» **The task**
From the entries that follow, copy each line containing the word "permutation".

----------

(* Let $p$ be a prime and let $G$ be a finite irreducible subgroup of $\mathrm{M}(p,\mathbb{C})$. Then $\mathrm{D}(p,\mathbb{C})\cap G$ is a maximal abelian normal subgroup of $G$.
   Context: $\mathrm{M}(p,\mathbb{C})$ is the group of monomial matrices in $\mathrm{GL}(p,\mathbb{C})$ and $\mathrm{D}(p,\mathbb{C})$ is the group of invertible diagonal matrices. *)

theory Defs
  imports "HOL-Analysis.Analysis"
begin

text \<open>Complex p x p matrices are rendered as complex^'n^'n with CARD('n) = p.\<close>

definition monomial_mat :: "complex^'n^'n \<Rightarrow> bool" where
  "monomial_mat A \<longleftrightarrow> invertible A \<and> (\<forall>i. \<exists>!j. A$i$j \<noteq> 0) \<and> (\<forall>j. \<exists>!i. A$i$j \<noteq> 0)"

definition diag_mat :: "complex^'n^'n \<Rightarrow> bool" where
  "diag_mat A \<longleftrightarrow> invertible A \<and> (\<forall>i j. i \<noteq> j \<longrightarrow> A$i$j = 0)"

definition Mon_group :: "(complex^'n^'n) set" where
  "Mon_group = {A. monomial_mat A}"

definition Diag_group :: "(complex^'n^'n) set" where
  "Diag_group = {A. diag_mat A}"

definition mgrp_subgroup :: "(complex^'n^'n) set \<Rightarrow> bool" where
  "mgrp_subgroup H \<longleftrightarrow> H \<subseteq> {A. invertible A} \<and> mat 1 \<in> H \<and>
     (\<forall>A\<in>H. \<forall>B\<in>H. A ** B \<in> H) \<and> (\<forall>A\<in>H. matrix_inv A \<in> H)"

definition mgrp_normal :: "(complex^'n^'n) set \<Rightarrow> (complex^'n^'n) set \<Rightarrow> bool" where
  "mgrp_normal N G \<longleftrightarrow> mgrp_subgroup N \<and> N \<subseteq> G \<and>
     (\<forall>g\<in>G. \<forall>h\<in>N. g ** h ** matrix_inv g \<in> N)"

definition mgrp_abelian :: "(complex^'n^'n) set \<Rightarrow> bool" where
  "mgrp_abelian H \<longleftrightarrow> (\<forall>A\<in>H. \<forall>B\<in>H. A ** B = B ** A)"

definition maximal_abelian_normal :: "(complex^'n^'n) set \<Rightarrow> (complex^'n^'n) set \<Rightarrow> bool" where
  "maximal_abelian_normal N G \<longleftrightarrow> mgrp_normal N G \<and> mgrp_abelian N \<and>
     (\<forall>N'. mgrp_normal N' G \<and> mgrp_abelian N' \<and> N \<subseteq> N' \<longrightarrow> N' = N)"

text \<open>Complex-linear subspaces of complex^'n (HOL-Analysis' subspace is real-linear).\<close>
definition csubspace_vec :: "(complex^'n) set \<Rightarrow> bool" where
  "csubspace_vec W \<longleftrightarrow> 0 \<in> W \<and> (\<forall>v\<in>W. \<forall>w\<in>W. v + w \<in> W) \<and> (\<forall>c. \<forall>v\<in>W. c *s v \<in> W)"

definition irreducible_mgrp :: "(complex^'n^'n) set \<Rightarrow> bool" where
  "irreducible_mgrp G \<longleftrightarrow>
     (\<forall>W. csubspace_vec W \<and> (\<forall>A\<in>G. \<forall>v\<in>W. A *v v \<in> W) \<longrightarrow> W = {0} \<or> W = UNIV)"

end

theory Submission
  imports Defs "HOL-Combinatorics.Orbits"
begin

(* Write mon_perm g for the permutation underlying a monomial matrix g; on G its kernel is
   D \<inter> G, which is therefore an abelian normal subgroup. Let N \<supseteq> D \<inter> G be an abelian normal
   subgroup containing a non-diagonal n. Irreducibility makes mon_perm ` G transitive, so the
   orbits of mon_perm ` N are blocks of equal size partitioning p points: N is transitive, hence,
   being abelian, regular, and the same argument applied to the cycles of mon_perm n shows that
   mon_perm n is a p-cycle. A monomial matrix whose permutation is a p-cycle has an eigenvalue
   with a one-dimensional eigenspace C v, and v is then a common eigenvector of N. By regularity
   an element of G fixing a point a and its image under mon_perm n commutes with mon_perm n and
   so fixes every point; hence the stabiliser of a in mon_perm ` G has at most p - 1 elements and
   G = R (D \<inter> G) N for some set R of at most p - 1 matrices. The G-orbit of v then spans a
   G-invariant subspace of dimension at most p - 1, contradicting irreducibility. *)

definition mon_perm :: "complex^'n^'n \<Rightarrow> 'n \<Rightarrow> 'n" where
  "mon_perm A i = (THE j. A$j$i \<noteq> 0)"

lemma monomial_mat_nonzero_iff:
  assumes "monomial_mat A"
  shows "A$j$i \<noteq> 0 \<longleftrightarrow> j = mon_perm A i"
proof -
  from assms have unique: "\<exists>!j. A$j$i \<noteq> 0" unfolding monomial_mat_def by blast
  then have "A$(mon_perm A i)$i \<noteq> 0" unfolding mon_perm_def by (rule theI')
  with unique show ?thesis by blast
qed

lemma monomial_mat_perm_entry_nonzero: "monomial_mat A \<Longrightarrow> A$(mon_perm A i)$i \<noteq> 0"
  using monomial_mat_nonzero_iff by blast

lemma bij_mon_perm:
  assumes "monomial_mat A"
  shows "bij (mon_perm A)"
proof -
  have "inj (mon_perm A)"
  proof (rule injI)
    fix x y assume "mon_perm A x = mon_perm A y"
    then have "A$(mon_perm A x)$x \<noteq> 0" "A$(mon_perm A x)$y \<noteq> 0"
      using monomial_mat_nonzero_iff[OF assms] by auto
    moreover from assms have "\<exists>!j. A$(mon_perm A x)$j \<noteq> 0" unfolding monomial_mat_def by blast
    ultimately show "x = y" by blast
  qed
  then show ?thesis by (simp add: bij_def finite_UNIV_inj_surj)
qed

lemma matrix_mult_monomial_component:
  assumes "monomial_mat B"
  shows "(A ** B)$k$i = A$k$(mon_perm B i) * B$(mon_perm B i)$i"
proof -
  have "(A ** B)$k$i = (\<Sum>l\<in>UNIV. if l = mon_perm B i then A$k$l * B$l$i else 0)"
    unfolding matrix_matrix_mult_def vec_lambda_beta
    by (rule sum.cong) (use monomial_mat_nonzero_iff[OF assms] in auto)
  then show ?thesis by simp
qed

lemma mon_perm_matrix_mult:
  assumes "monomial_mat A" "monomial_mat B" "monomial_mat (A ** B)"
  shows "mon_perm (A ** B) = mon_perm A \<circ> mon_perm B"
proof
  fix i
  have "(A ** B)$(mon_perm A (mon_perm B i))$i \<noteq> 0"
    using assms(1,2) by (simp add: matrix_mult_monomial_component monomial_mat_perm_entry_nonzero)
  then show "mon_perm (A ** B) i = (mon_perm A \<circ> mon_perm B) i"
    using monomial_mat_nonzero_iff[OF assms(3)] by simp
qed

lemma mon_perm_mat1 [simp]: "mon_perm (mat 1) = id"
  unfolding mon_perm_def by (auto simp: mat_def)

lemma monomial_mat_diagonal_iff:
  assumes "monomial_mat A"
  shows "(\<forall>i j. i \<noteq> j \<longrightarrow> A$i$j = 0) \<longleftrightarrow> mon_perm A = id"
  using monomial_mat_nonzero_iff[OF assms] by (metis eq_id_iff)

lemma monomial_mat_mult_axis:
  assumes "monomial_mat A"
  shows "A *v axis i c = axis (mon_perm A i) (A$(mon_perm A i)$i * c)"
  unfolding vec_eq_iff
proof
  fix k
  have "(A *v axis i c)$k = A$k$i * c"
    unfolding matrix_vector_mult_def axis_def by (simp add: if_distrib[of "times _"] cong: if_cong)
  then show "(A *v axis i c)$k = axis (mon_perm A i) (A$(mon_perm A i)$i * c)$k"
    using monomial_mat_nonzero_iff[OF assms, of k i] by (auto simp: axis_def)
qed

lemma matrix_vector_mult_monomial_component:
  assumes "monomial_mat A"
  shows "(A *v x)$(mon_perm A i) = A$(mon_perm A i)$i * x$i"
proof -
  have "A$(mon_perm A i)$l = 0" if "l \<noteq> i" for l
    using that monomial_mat_nonzero_iff[OF assms, of "mon_perm A i" l]
      bij_mon_perm[OF assms, THEN bij_is_inj] by (auto dest: injD)
  then have "(A *v x)$(mon_perm A i) = (\<Sum>l\<in>UNIV. if l = i then A$(mon_perm A i)$l * x$l else 0)"
    unfolding matrix_vector_mult_def vec_lambda_beta by (intro sum.cong) auto
  then show ?thesis by simp
qed

lemma invariant_partition_prime_card:
  fixes B :: "'a::finite \<Rightarrow> 'a set" and P :: "('a \<Rightarrow> 'a) set"
  assumes "prime CARD('a)"
    and transitive: "\<And>i j. \<exists>f\<in>P. f i = j"
    and inj: "\<And>f. f \<in> P \<Longrightarrow> inj f"
    and invariant: "\<And>f i. f \<in> P \<Longrightarrow> f ` B i \<subseteq> B (f i)"
    and self_mem: "\<And>i. i \<in> B i"
    and class_eq: "\<And>i j. j \<in> B i \<Longrightarrow> B j = B i"
  shows "(\<forall>i. B i = {i}) \<or> (\<forall>i. B i = UNIV)"
proof -
  have card_le: "card (B i) \<le> card (B j)" for i j
  proof -
    obtain f where f: "f \<in> P" "f i = j" using transitive by blast
    have "card (B i) = card (f ` B i)" using inj[OF f(1)] by (simp add: card_image inj_on_subset)
    also have "\<dots> \<le> card (B j)" using invariant[OF f(1), of i] f(2) by (simp add: card_mono)
    finally show ?thesis .
  qed
  obtain k where card_eq: "\<And>i. card (B i) = k"
    using card_le by (metis antisym)
  have disjoint: "B i \<inter> B j = {}" if "B i \<noteq> B j" for i j
    using that class_eq by blast
  have "k * card (range B) = card (\<Union>(range B))"
    by (rule card_partition) (use card_eq disjoint in auto)
  also have "\<Union>(range B) = UNIV" using self_mem by blast
  finally have "k = 1 \<or> k = CARD('a)"
    using \<open>prime CARD('a)\<close> by (metis dvd_triv_left prime_nat_iff)
  then show ?thesis
  proof
    assume "k = 1"
    then have "B i = {i}" for i using card_eq[of i] self_mem[of i] by (metis card_1_singletonE singletonD)
    then show ?thesis by blast
  next
    assume "k = CARD('a)"
    then have "B i = UNIV" for i using card_eq[of i] by (intro card_subset_eq) auto
    then show ?thesis by blast
  qed
qed

lemma funpow_eigenvector_sum:
  fixes A :: "'a::field^'n^'n" and e :: "'a^'n"
  assumes "\<mu> \<noteq> 0" and "0 < q" and period: "((*v) A ^^ q) e = \<mu> ^ q *s e"
  defines "v \<equiv> \<Sum>t<q. inverse \<mu> ^ t *s ((*v) A ^^ t) e"
  shows "A *v v = \<mu> *s v"
proof -
  define g where "g t = inverse \<mu> ^ t *s ((*v) A ^^ t) e" for t
  have v_g: "v = (\<Sum>t<q. g t)" unfolding v_def g_def ..
  have g_Suc: "A *v g t = \<mu> *s g (Suc t)" for t
    using \<open>\<mu> \<noteq> 0\<close> by (simp add: g_def vector_scalar_commute power_Suc field_simps)
  have "g q = g 0"
    using period \<open>\<mu> \<noteq> 0\<close> by (simp add: g_def power_inverse field_simps)
  then have shift: "(\<Sum>t<q. g (Suc t)) = (\<Sum>t<q. g t)"
    using sum.lessThan_Suc_shift[of g q] sum.lessThan_Suc[of g q] by simp
  have "A *v v = (\<Sum>t<q. A *v g t)"
    unfolding v_g by (rule vec.linear_sum[OF matrix_vector_mul_linear_gen])
  also have "\<dots> = \<mu> *s (\<Sum>t<q. g (Suc t))"
    by (simp add: g_Suc vec.scale_sum_right)
  finally show ?thesis unfolding shift v_g .
qed

lemma monomial_mat_funpow_axis:
  assumes "monomial_mat A" and "c \<noteq> 0"
  shows "\<exists>d. d \<noteq> 0 \<and> ((*v) A ^^ t) (axis i c) = axis ((mon_perm A ^^ t) i) d"
proof (induction t)
  case 0
  then show ?case using \<open>c \<noteq> 0\<close> by auto
next
  case (Suc t)
  then obtain d where "d \<noteq> 0" and d: "((*v) A ^^ t) (axis i c) = axis ((mon_perm A ^^ t) i) d"
    by blast
  let ?j = "(mon_perm A ^^ t) i"
  have "((*v) A ^^ Suc t) (axis i c) = axis (mon_perm A ?j) (A$(mon_perm A ?j)$?j * d)"
    using d monomial_mat_mult_axis[OF assms(1)] by simp
  moreover have "A$(mon_perm A ?j)$?j * d \<noteq> 0"
    using \<open>d \<noteq> 0\<close> monomial_mat_perm_entry_nonzero[OF assms(1)] by simp
  ultimately show ?case by (intro exI[of _ "A$(mon_perm A ?j)$?j * d"]) simp
qed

----------

» **Response for this exercise**
(* Write mon_perm g for the permutation underlying a monomial matrix g; on G its kernel is
   mon_perm n is a p-cycle. A monomial matrix whose permutation is a p-cycle has an eigenvalue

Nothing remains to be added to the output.